▶ Task item
Only one stretch of the data below is wanted: the lines starting at the one with "imports Defs" and ending at the one with "A (concavity of", both included, given again exactly.

▶ Excerpts from a dataset

______

theory Submission
  imports Defs
begin

text \<open>Let A = D^2 v(x). Its cofactor matrix is det A * A^-1, so for positive definite B and R
  with R A R^T = I the pairing \<Sum> cof(A)_ij B_ij equals det A * tr(R B R^T). By Hadamard's
  inequality and AM-GM, tr C \<ge> n (det C)^(1/n) for positive definite C; hence
  \<Sum> cof(A)_ij B_ij \<ge> n (det A)^((n-1)/n) (det B)^(1/n), with equality for B = A (concavity of
  det^(1/n)). The Hessian of the increment of v is the second difference of D^2 v, so taking
  B = D^2 v(x + e) and B = D^2 v(x - e) gives the claim, since det D^2 v = f_T because det T = 1.\<close>

section \<open>Positive definite matrices\<close>

definition positive_definite :: "real^'n^'n \<Rightarrow> bool" where
  "positive_definite C \<longleftrightarrow> transpose C = C \<and> (\<forall>x. x \<noteq> 0 \<longrightarrow> 0 < x \<bullet> (C *v x))"

lemma positive_definite_quadratic_pos:
  "positive_definite C \<Longrightarrow> x \<noteq> 0 \<Longrightarrow> 0 < x \<bullet> (C *v x)"
  by (simp add: positive_definite_def)

lemma inner_symmetric_matrix:
  fixes C :: "real^'n^'n"
  assumes "transpose C = C"
  shows "x \<bullet> (C *v y) = y \<bullet> (C *v x)"
  by (metis assms dot_lmul_matrix inner_commute vector_transpose_matrix)

lemma inner_axis_matrix_axis: "axis i 1 \<bullet> ((C::real^'n^'n) *v axis j 1) = C$i$j"
  by (simp add: matrix_vector_mult_basis inner_axis' column_def)

lemma matrix_mult_transpose_nth:
  "((X::real^'n^'n) ** C ** transpose X) $ i $ j = X$i \<bullet> (C *v X$j)"
  by (simp add: matrix_matrix_mult_def matrix_vector_mult_def inner_vec_def transpose_def
      sum_distrib_left sum_distrib_right mult_ac) (rule sum.swap)

lemma det_eq_1_row_nonzero: "det (Q::real^'n^'n) = 1 \<Longrightarrow> Q$i \<noteq> 0"
  by (metis det_zero_row(1) row_def vec_lambda_eta zero_neq_one)

lemma conjugate_projection:
  fixes C :: "real^'n^'n" and w :: "real^'n"
  assumes sym: "transpose C = C" and S: "finite S"
    and orth: "\<And>i j. i \<in> S \<Longrightarrow> j \<in> S \<Longrightarrow> i \<noteq> j \<Longrightarrow> q i \<bullet> (C *v q j) = 0"
    and pos: "\<And>j. j \<in> S \<Longrightarrow> 0 < q j \<bullet> (C *v q j)"
  defines "p \<equiv> w - (\<Sum>j\<in>S. (w \<bullet> (C *v q j) / (q j \<bullet> (C *v q j))) *\<^sub>R q j)"
  shows "\<And>k. k \<in> S \<Longrightarrow> p \<bullet> (C *v q k) = 0" and "p \<bullet> (C *v p) \<le> w \<bullet> (C *v w)"
proof -
  define c where "c j = w \<bullet> (C *v q j) / (q j \<bullet> (C *v q j))" for j
  have p: "p = w - (\<Sum>j\<in>S. c j *\<^sub>R q j)" by (simp add: p_def c_def)
  show orth_p: "p \<bullet> (C *v q k) = 0" if "k \<in> S" for k
  proof -
    have "(\<Sum>j\<in>S. c j *\<^sub>R q j) \<bullet> (C *v q k) = c k * (q k \<bullet> (C *v q k))"
      unfolding inner_sum_left using that S orth
      by (subst sum.remove[of S k]) (auto intro!: sum.neutral)
    also have "\<dots> = w \<bullet> (C *v q k)" using pos[OF that] by (simp add: c_def)
    finally show ?thesis by (simp add: p inner_diff_left)
  qed
  have orth_p': "q k \<bullet> (C *v p) = 0" if "k \<in> S" for k
    using orth_p[OF that] inner_symmetric_matrix[OF sym] by metis
  have "p \<bullet> (C *v p) = w \<bullet> (C *v p)"
    using orth_p' by (simp add: p inner_diff_left inner_sum_left)
  also have "\<dots> = p \<bullet> (C *v w)" by (rule inner_symmetric_matrix[OF sym])
  also have "\<dots> = w \<bullet> (C *v w) - (\<Sum>j\<in>S. c j * c j * (q j \<bullet> (C *v q j)))"
    using pos by (auto simp: p c_def inner_diff_left inner_sum_left inner_symmetric_matrix[OF sym, of "q _" w]
        intro!: sum.cong)
  also have "\<dots> \<le> w \<bullet> (C *v w)"
    using pos by (simp add: sum_nonneg less_imp_le)
  finally show "p \<bullet> (C *v p) \<le> w \<bullet> (C *v w)" .
qed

______

▶ Task solution
  imports Defs
begin

text \<open>Let A = D^2 v(x). Its cofactor matrix is det A * A^-1, so for positive definite B and R
  with R A R^T = I the pairing \<Sum> cof(A)_ij B_ij equals det A * tr(R B R^T). By Hadamard's
  inequality and AM-GM, tr C \<ge> n (det C)^(1/n) for positive definite C; hence
  \<Sum> cof(A)_ij B_ij \<ge> n (det A)^((n-1)/n) (det B)^(1/n), with equality for B = A (concavity of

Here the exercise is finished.